Recorded: May 19

Guests: Brooke (pckt.blog), Miguel (Offprint), Jared (Leaflet)

Questions

Origin Stories

Let’s start with the individual stories, and we can move from oldest to newest.

Leaflet didn't start as an atproto blogging platform — you came in from a different direction and had to migrate. Walk us through what drove that decision, and what it cost. The migration kept old Leaflet records around to avoid breaking third-party tools. Who were those tools, and what did it feel like to have an ecosystem dependency pointing at your lexicons right when you were trying to move away from them?

Pckt is visually and philosophically different from Leaflet — it’s simpler, more minimal in some ways, but also a bit more playful. I sometimes think of pckt as the tumblr to Leaflet’s medium. Brooke — What were your goals building pckt initially

Miguel, Offprint is the newest of the three, launching after the standard was published. Was standard.site a precondition for Offprint existing, or did the product concept come first? What did building on a shared schema from day one give you that the others didn't have?

The Standard Itself

How did you all come together to create a standard lexicon for longform content? Was it awkward given that you're, at least in some sense, competing?

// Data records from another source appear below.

lemma exists_countable_embedding_normal_closure:
  assumes "countable (carrier G)" "infinite (carrier G)"
    and "a \<in> carrier G" "a \<noteq> \<one>" "b \<in> carrier G"
  obtains K :: "('a \<times> int \<Rightarrow> 'a \<times> int) monoid" and \<psi>
  where "group K" "countable (carrier K)" "\<psi> \<in> hom G K" "inj_on \<psi> (carrier G)"
    and "\<And>N. N \<lhd> K \<Longrightarrow> \<psi> a \<in> N \<Longrightarrow> \<psi> b \<in> N"
proof -
  let ?Sym = "BijGroup (carrier G \<times> (UNIV :: int set))"
  interpret Sym: group ?Sym
    by (rule group_BijGroup)
  obtain \<Sigma> where \<Sigma>: "countable \<Sigma>" "\<Sigma> \<subseteq> Bij (carrier G \<times> UNIV)" "left_transl G ` carrier G \<subseteq> \<Sigma>"
    and normal_closure: "\<And>N. N \<lhd> subgroup_generated ?Sym \<Sigma> \<Longrightarrow>
      left_transl G a \<in> N \<Longrightarrow> left_transl G b \<in> N"
    using left_transl_in_normal_closure[OF assms] by blast
  let ?K = "subgroup_generated ?Sym \<Sigma>"
  have carrier_K: "carrier ?K = generate ?Sym \<Sigma>"
    using \<Sigma>(2) by (simp add: carrier_subgroup_generated Int_absorb1)
  show ?thesis
  proof (rule that[OF Sym.group_subgroup_generated _ _ inj_on_left_transl normal_closure])
    show "countable (carrier ?K)"
      unfolding carrier_K using \<Sigma>(1,2) by (intro Sym.countable_generate) auto
    have "left_transl G ` carrier G \<subseteq> carrier ?K"
      unfolding carrier_K using \<Sigma>(3) by (auto intro: generate.incl)
    then show "left_transl G \<in> hom G ?K"
      using left_transl_hom by (auto simp: hom_def)
  qed
qed

end

section \<open>Multiplication tables\<close>

lemma topspace_table_top: "topspace table_top = (\<Pi>\<^sub>E p\<in>Npos \<times> Npos. Npos)"
  by (simp add: table_top_def)

lemma table_top_arb: "f \<in> topspace table_top \<Longrightarrow> p \<notin> Npos \<times> Npos \<Longrightarrow> f p = undefined"
  using PiE_arb[of f "Npos \<times> Npos" "\<lambda>_. Npos" p] by (simp add: topspace_table_top)

lemma one_Npos: "1 \<in> Npos"
  by (simp add: Npos_def)

declare one_Npos [simplified, simp] \<comment> \<open>\<open>simp\<close> normalises \<open>1 :: nat\<close> to \<open>Suc 0\<close>\<close>

lemma grp_of_simps [simp]:
  "carrier (grp_of A) = Npos" "x \<otimes>\<^bsub>grp_of A\<^esub> y = A (x, y)" "\<one>\<^bsub>grp_of A\<^esub> = 1"
  by (simp_all add: grp_of_def)

lemma countable_infinite_Npos: "countable Npos" "infinite Npos"
  by (simp_all add: Npos_def infinite_Ici)

lemma Gtables_group: "A \<in> Gtables \<Longrightarrow> group (grp_of A)"
  by (simp add: Gtables_def)

text \<open>
  The normal closure of \<open>a\<close> in the group with table \<open>T\<close>, generated by rules that each consult
  finitely many entries of \<open>T\<close>, so that membership is an open condition on tables.
\<close>

inductive_set tab_ncl :: "(nat \<times> nat \<Rightarrow> nat) \<Rightarrow> nat \<Rightarrow> nat set" for T a where
  gen: "a \<in> tab_ncl T a"
| one_mem: "1 \<in> tab_ncl T a"
| mult_mem: "x \<in> tab_ncl T a \<Longrightarrow> y \<in> tab_ncl T a \<Longrightarrow> T (x, y) \<in> tab_ncl T a"
| inv_mem: "x \<in> tab_ncl T a \<Longrightarrow> y \<in> Npos \<Longrightarrow> T (x, y) = 1 \<Longrightarrow> y \<in> tab_ncl T a"
| conj_mem: "x \<in> tab_ncl T a \<Longrightarrow> c \<in> Npos \<Longrightarrow> d \<in> Npos \<Longrightarrow> T (c, d) = 1 \<Longrightarrow>
    T (T (c, x), d) \<in> tab_ncl T a"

The fragmentation problem existed before standard.site — other lexicons, other platforms. Why did this coordination happen when it did? Was there a specific trigger, or was it the right people finding each other at the right moment?

Somebody had to send the first message, host the first call, write the first draft. Who did that work, and what would have happened if they hadn't?

Most coordination efforts like this have a moment where they nearly fall apart. Did this one?

How did three teams with different aesthetics and different stages actually agree on scope? What got proposed and cut?

The schema was intentionally minimal at launch. Knowing what you know now, would you have drawn the boundary in a different place?

The immutability constraint in Lexicon means no takebacks. Any regrets?

Governance and Extension

Right now standard.site has the informal authority of its founding platforms. What happens when a well-funded team joins and wants to push the schema somewhere the founders don't? Is there actually a plan for that?

RSS's biggest success story was a format it wasn't designed for — podcasts. Do you see an equivalent for standard.site? Is the schema genuinely format-agnostic, or is "document" more text-centric than it appears?

Standard.site solved the content container. Social interactions on top of that content — likes, comments, subscriptions — are still fragmented. Is that the next coordination problem, or is it a fundamentally harder one?